**Material to process**

━━━

lemma tails_Suc:
  "tails d h (Suc m) = Cons U ` tails d (Suc h) m
     \<union> (if 0 < h then Cons D ` tails True (h - 1) m \<union> Cons Hu ` tails d h m else {})
     \<union> (if d then Cons Hd ` tails d h m else {})"
  (is "_ = ?R")
proof (rule set_eqI)
  fix P
  show "P \<in> tails d h (Suc m) \<longleftrightarrow> P \<in> ?R"
    by (cases P; cases "hd P") (auto simp: tails_def)
qed

lemma sum_tails_Suc:
  fixes g :: "step list \<Rightarrow> 'a::comm_monoid_add"
  shows "sum g (tails d h (Suc m)) = (\<Sum>P\<in>tails d (Suc h) m. g (U # P))
     + (if 0 < h then (\<Sum>P\<in>tails True (h - 1) m. g (D # P)) + (\<Sum>P\<in>tails d h m. g (Hu # P)) else 0)
     + (if d then \<Sum>P\<in>tails d h m. g (Hd # P) else 0)"
proof -
  have Cons_disjoint: "x \<noteq> y \<Longrightarrow> Cons x ` A \<inter> Cons y ` B = {}" for x y :: step and A B
    by auto
  have sum_Cons: "sum g (Cons x ` A) = (\<Sum>P\<in>A. g (x # P))" for x A
    by (simp add: sum.reindex)
  show ?thesis
    unfolding tails_Suc
    by (cases "0 < h"; cases d)
       (simp_all add: sum.union_disjoint sum_Cons Int_Un_distrib Int_Un_distrib2 Cons_disjoint)
qed

definition tail_count :: "bool \<Rightarrow> nat \<Rightarrow> nat \<Rightarrow> real" where
  "tail_count d h m = real (card (tails d h m))"

definition tail_ups :: "bool \<Rightarrow> nat \<Rightarrow> nat \<Rightarrow> real" where
  "tail_ups d h m = (\<Sum>P\<in>tails d h m. real (nsteps U P))"

definition tail_balance :: "bool \<Rightarrow> nat \<Rightarrow> nat \<Rightarrow> real" where
  "tail_balance d h m = (\<Sum>P\<in>tails d h m. real (nsteps Hd P) - real (nsteps Hu P))"

lemma tail_stats_0:
  "tail_count d h 0 = (if h = 0 then 1 else 0)" "tail_ups d h 0 = 0" "tail_balance d h 0 = 0"
  by (simp_all add: tail_count_def tail_ups_def tail_balance_def tails_0)

lemma tail_count_Suc:
  "tail_count d h (Suc m) = tail_count d (Suc h) m
     + (if 0 < h then tail_count True (h - 1) m + tail_count d h m else 0)
     + (if d then tail_count d h m else 0)"
  unfolding tail_count_def real_of_card by (rule sum_tails_Suc)

lemma tail_ups_Suc:
  "tail_ups d h (Suc m) = tail_ups d (Suc h) m + tail_count d (Suc h) m
     + (if 0 < h then tail_ups True (h - 1) m + tail_ups d h m else 0)
     + (if d then tail_ups d h m else 0)"
  unfolding tail_ups_def tail_count_def real_of_card sum_tails_Suc by (simp add: sum.distrib)

lemma tail_balance_Suc:
  "tail_balance d h (Suc m) = tail_balance d (Suc h) m
     + (if 0 < h then tail_balance True (h - 1) m + tail_balance d h m - tail_count d h m else 0)
     + (if d then tail_balance d h m + tail_count d h m else 0)"
  unfolding tail_balance_def tail_count_def real_of_card sum_tails_Suc
  by (simp add: sum.distrib sum_subtractf algebra_simps)
(* Let $A\in\mathbb{R}_+^{n\times n}$ be a nonzero circulant matrix. Then $$x\in\mathrm{Attr}(A)\iff A^{n^2}_{i\bullet}\otimes x=A^{n^2}_{j\bullet}\otimes x\ \text{ for all } i,j\in\{1,\dots,n\}\text{ with }[i]\to_1[j],$$ and $$x\in\mathrm{Attr}(A)\iff A^{n^2}_{i\bullet}\otimes x=A^{n^2}_{j\bullet}\otimes x\ \text{ for all } i,j\in\{1,\dots,n\}\text{ with } i\sim_A j.$$
   Context: Max algebra on $\mathbb{R}_+$: $\oplus=\max$, ordinary product; $A^t$ max-algebraic power, $A^t_{i\bullet}$ its $i$-th row, $A^t_{i\bullet}\otimes x=\max_k (A^t)_{i,k}x_k$. $\lambda(A)$: greatest max-algebraic eigenvalue (maximum cycle geometric mean of the weighted digraph $\mathcal{G}(A)$ with edges $(i,j)$, $A_{i,j}\ne0$). $\mathrm{Attr}(A)=\{x\in\mathbb{R}_+^n: A^{t+1}\otimes x=\lambda(A)A^t\otimes x\text{ for some }t\ge0\}$. The critical digraph $\mathcal{C}(A)$ consists of all nodes and edges of cycles attaining mean $\lambda(A)$; for a nonzero circulant every node is critical and $\mathcal{C}(A)$ is a disjoint union of strongly connected components. $i\sim_A j$ means $i,j$ lie in the same component of $\mathcal{C}(A)$. For a component with cyclicity $\sigma$ (gcd of its cycle lengths), nodes $i,j$ of it are in the same cyclic class if walks in the component from $i$ to $j$ have length divisible by $\sigma$; $[i]$ is the cyclic class of $i$, and $[i]\to_1[j]$ means walks from a member of $[i]$ to a member of $[j]$ (in the same component) have length $\equiv1\pmod\sigma$. A circulant matrix has $A_{i,j}=a_t$, $t\equiv j-i\pmod n$. *)

theory Defs
  imports Complex_Main
begin

text \<open>An n x n matrix is a function
  nat \<Rightarrow> nat \<Rightarrow> real, only entries with indices in {0..<n} matter
  (nodes are indexed 0,...,n-1 instead of 1,...,n).\<close>

definition mmult :: "nat \<Rightarrow> (nat \<Rightarrow> nat \<Rightarrow> real) \<Rightarrow> (nat \<Rightarrow> nat \<Rightarrow> real) \<Rightarrow> nat \<Rightarrow> nat \<Rightarrow> real" where
  "mmult n A B i j = Max ((\<lambda>k. A i k * B k j) ` {..<n})"

fun mpow :: "nat \<Rightarrow> (nat \<Rightarrow> nat \<Rightarrow> real) \<Rightarrow> nat \<Rightarrow> nat \<Rightarrow> nat \<Rightarrow> real" where
  "mpow n A 0 = (\<lambda>i j. if i = j then 1 else 0)"
| "mpow n A (Suc t) = mmult n (mpow n A t) A"

definition mrow_vec :: "nat \<Rightarrow> (nat \<Rightarrow> nat \<Rightarrow> real) \<Rightarrow> nat \<Rightarrow> (nat \<Rightarrow> real) \<Rightarrow> real" where
  "mrow_vec n M i x = Max ((\<lambda>k. M i k * x k) ` {..<n})"

definition circulant :: "nat \<Rightarrow> (nat \<Rightarrow> nat \<Rightarrow> real) \<Rightarrow> bool" where
  "circulant n A \<longleftrightarrow> (\<exists>a :: nat \<Rightarrow> real. \<forall>i<n. \<forall>j<n. A i j = a ((j + n - i) mod n))"

definition is_cycle :: "nat \<Rightarrow> (nat \<Rightarrow> nat \<Rightarrow> real) \<Rightarrow> nat list \<Rightarrow> bool" where
  "is_cycle n A vs \<longleftrightarrow> vs \<noteq> [] \<and> distinct vs \<and> set vs \<subseteq> {..<n} \<and>
     (\<forall>l<length vs. A (vs ! l) (vs ! (Suc l mod length vs)) \<noteq> 0)"

definition cycle_weight :: "(nat \<Rightarrow> nat \<Rightarrow> real) \<Rightarrow> nat list \<Rightarrow> real" where
  "cycle_weight A vs = (\<Prod>l<length vs. A (vs ! l) (vs ! (Suc l mod length vs)))"

definition cycle_mean :: "(nat \<Rightarrow> nat \<Rightarrow> real) \<Rightarrow> nat list \<Rightarrow> real" where
  "cycle_mean A vs = root (length vs) (cycle_weight A vs)"

definition mlambda :: "nat \<Rightarrow> (nat \<Rightarrow> nat \<Rightarrow> real) \<Rightarrow> real" where
  "mlambda n A = (if \<exists>vs. is_cycle n A vs
      then Max (cycle_mean A ` {vs. is_cycle n A vs}) else 0)"

definition crit_cycle :: "nat \<Rightarrow> (nat \<Rightarrow> nat \<Rightarrow> real) \<Rightarrow> nat list \<Rightarrow> bool" where
  "crit_cycle n A vs \<longleftrightarrow> is_cycle n A vs \<and> cycle_mean A vs = mlambda n A"

definition crit_edges :: "nat \<Rightarrow> (nat \<Rightarrow> nat \<Rightarrow> real) \<Rightarrow> (nat \<times> nat) set" where
  "crit_edges n A = {(vs ! l, vs ! (Suc l mod length vs)) | vs l. crit_cycle n A vs \<and> l < length vs}"
lemma abs_power_taylor_remainder_le:
  fixes x d :: real
  assumes "\<bar>d\<bar> \<le> 1"
  shows "\<bar>(x + d) ^ k - x ^ k - real k * x ^ (k - 1) * d\<bar> \<le> (real k)\<^sup>2 * d\<^sup>2 * (1 + \<bar>x\<bar>) ^ k"
proof (induction k)
  case 0
  then show ?case by simp
next
  case (Suc k)
  have "\<bar>x + d\<bar> \<le> 1 + \<bar>x\<bar>"
    using assms by linarith
  moreover have "\<bar>x\<bar> ^ (k - 1) \<le> (1 + \<bar>x\<bar>) ^ Suc k"
    by (rule order_trans[OF power_mono power_increasing]) auto
  ultimately have bound:
    "\<bar>x + d\<bar> * \<bar>(x + d) ^ k - x ^ k - real k * x ^ (k - 1) * d\<bar> + real k * \<bar>x\<bar> ^ (k - 1) * d\<^sup>2
      \<le> (1 + \<bar>x\<bar>) * ((real k)\<^sup>2 * d\<^sup>2 * (1 + \<bar>x\<bar>) ^ k) + real k * (1 + \<bar>x\<bar>) ^ Suc k * d\<^sup>2"
    by (intro add_mono mult_mono Suc.IH mult_right_mono mult_left_mono) auto
  have "\<bar>(x + d) ^ Suc k - x ^ Suc k - real (Suc k) * x ^ k * d\<bar>
      \<le> \<bar>x + d\<bar> * \<bar>(x + d) ^ k - x ^ k - real k * x ^ (k - 1) * d\<bar> + real k * \<bar>x\<bar> ^ (k - 1) * d\<^sup>2"
    unfolding power_taylor_remainder_Suc
    by (rule order_trans[OF abs_triangle_ineq]) (simp add: abs_mult power_abs)
  also note bound
  also have "(1 + \<bar>x\<bar>) * ((real k)\<^sup>2 * d\<^sup>2 * (1 + \<bar>x\<bar>) ^ k) + real k * (1 + \<bar>x\<bar>) ^ Suc k * d\<^sup>2
      = ((real k)\<^sup>2 + real k) * (d\<^sup>2 * (1 + \<bar>x\<bar>) ^ Suc k)"
    by (simp add: algebra_simps power2_eq_square)
  also have "\<dots> \<le> (real (Suc k))\<^sup>2 * (d\<^sup>2 * (1 + \<bar>x\<bar>) ^ Suc k)"
    by (intro mult_right_mono) (simp add: power2_eq_square algebra_simps, simp)
  finally show ?case
    by (simp add: mult.assoc)
qed

lemma one_plus_abs_power_le: "(1 + \<bar>x\<bar>) ^ k \<le> 2 ^ k * (1 + \<bar>x\<bar> ^ k)" for x :: real
proof -
  have "(1 + \<bar>x\<bar>) ^ k \<le> (2 * max 1 \<bar>x\<bar>) ^ k"
    by (intro power_mono) auto
  also have "max 1 \<bar>x\<bar> ^ k \<le> 1 + \<bar>x\<bar> ^ k"
    by (cases "\<bar>x\<bar> \<le> 1") (auto simp: max_def)
  then have "(2 * max 1 \<bar>x\<bar>) ^ k \<le> 2 ^ k * (1 + \<bar>x\<bar> ^ k)"
    unfolding power_mult_distrib by (intro mult_left_mono) auto
  finally show ?thesis .
qed
text \<open>A(0): at beta = 0 the fixed-cost term vanishes, so A0 is irrelevant there.\<close>
definition Azero :: "(nat \<Rightarrow> real) \<Rightarrow> real \<Rightarrow> real \<Rightarrow> real \<Rightarrow> real \<Rightarrow> nat \<Rightarrow> nat set" where
  "Azero ct \<eta> R \<gamma> K N = {i\<in>{1..N}. eqm ct \<eta> R \<gamma> K N {} (\<lambda>_. 0) i > 0}"

definition hstar :: "(nat \<Rightarrow> real) \<Rightarrow> real \<Rightarrow> real \<Rightarrow> real \<Rightarrow> real \<Rightarrow> nat
    \<Rightarrow> (nat \<Rightarrow> real) \<Rightarrow> (nat \<Rightarrow> real)" where
  "hstar ct \<eta> R \<gamma> K N \<beta> = eqm ct \<eta> R \<gamma> K N (Azero ct \<eta> R \<gamma> K N) \<beta>"

definition active :: "(nat \<Rightarrow> real) \<Rightarrow> real \<Rightarrow> real \<Rightarrow> real \<Rightarrow> real \<Rightarrow> nat
    \<Rightarrow> (nat \<Rightarrow> real) \<Rightarrow> nat set" where
  "active ct \<eta> R \<gamma> K N \<beta> = {i\<in>{1..N}. hstar ct \<eta> R \<gamma> K N \<beta> i > 0}"

definition beta_star :: "real \<Rightarrow> nat \<Rightarrow> nat \<Rightarrow> real" where
  "beta_star \<eta> n i = (if 1 \<le> i \<and> i \<le> n then min (1 / \<eta>) 1 else 0)"

definition Ired :: "(nat \<Rightarrow> real) \<Rightarrow> real \<Rightarrow> nat \<Rightarrow> nat \<Rightarrow> real" where
  "Ired ct \<eta> n i = cost ct \<eta> i 0 - cost ct \<eta> i (beta_star \<eta> n i)"

end

theory Submission
  imports Defs "HOL-Library.Landau_Symbols"
begin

━━━

**Task instructions**
Working from the entries above, filter out every line that lacks "unfolding" and copy what remains.

**Exercise answer**
    unfolding tails_Suc
  unfolding tail_count_def real_of_card by (rule sum_tails_Suc)
  unfolding tail_ups_def tail_count_def real_of_card sum_tails_Suc by (simp add: sum.distrib)
  unfolding tail_balance_def tail_count_def real_of_card sum_tails_Suc
    unfolding power_taylor_remainder_Suc
    unfolding power_mult_distrib by (intro mult_left_mono) auto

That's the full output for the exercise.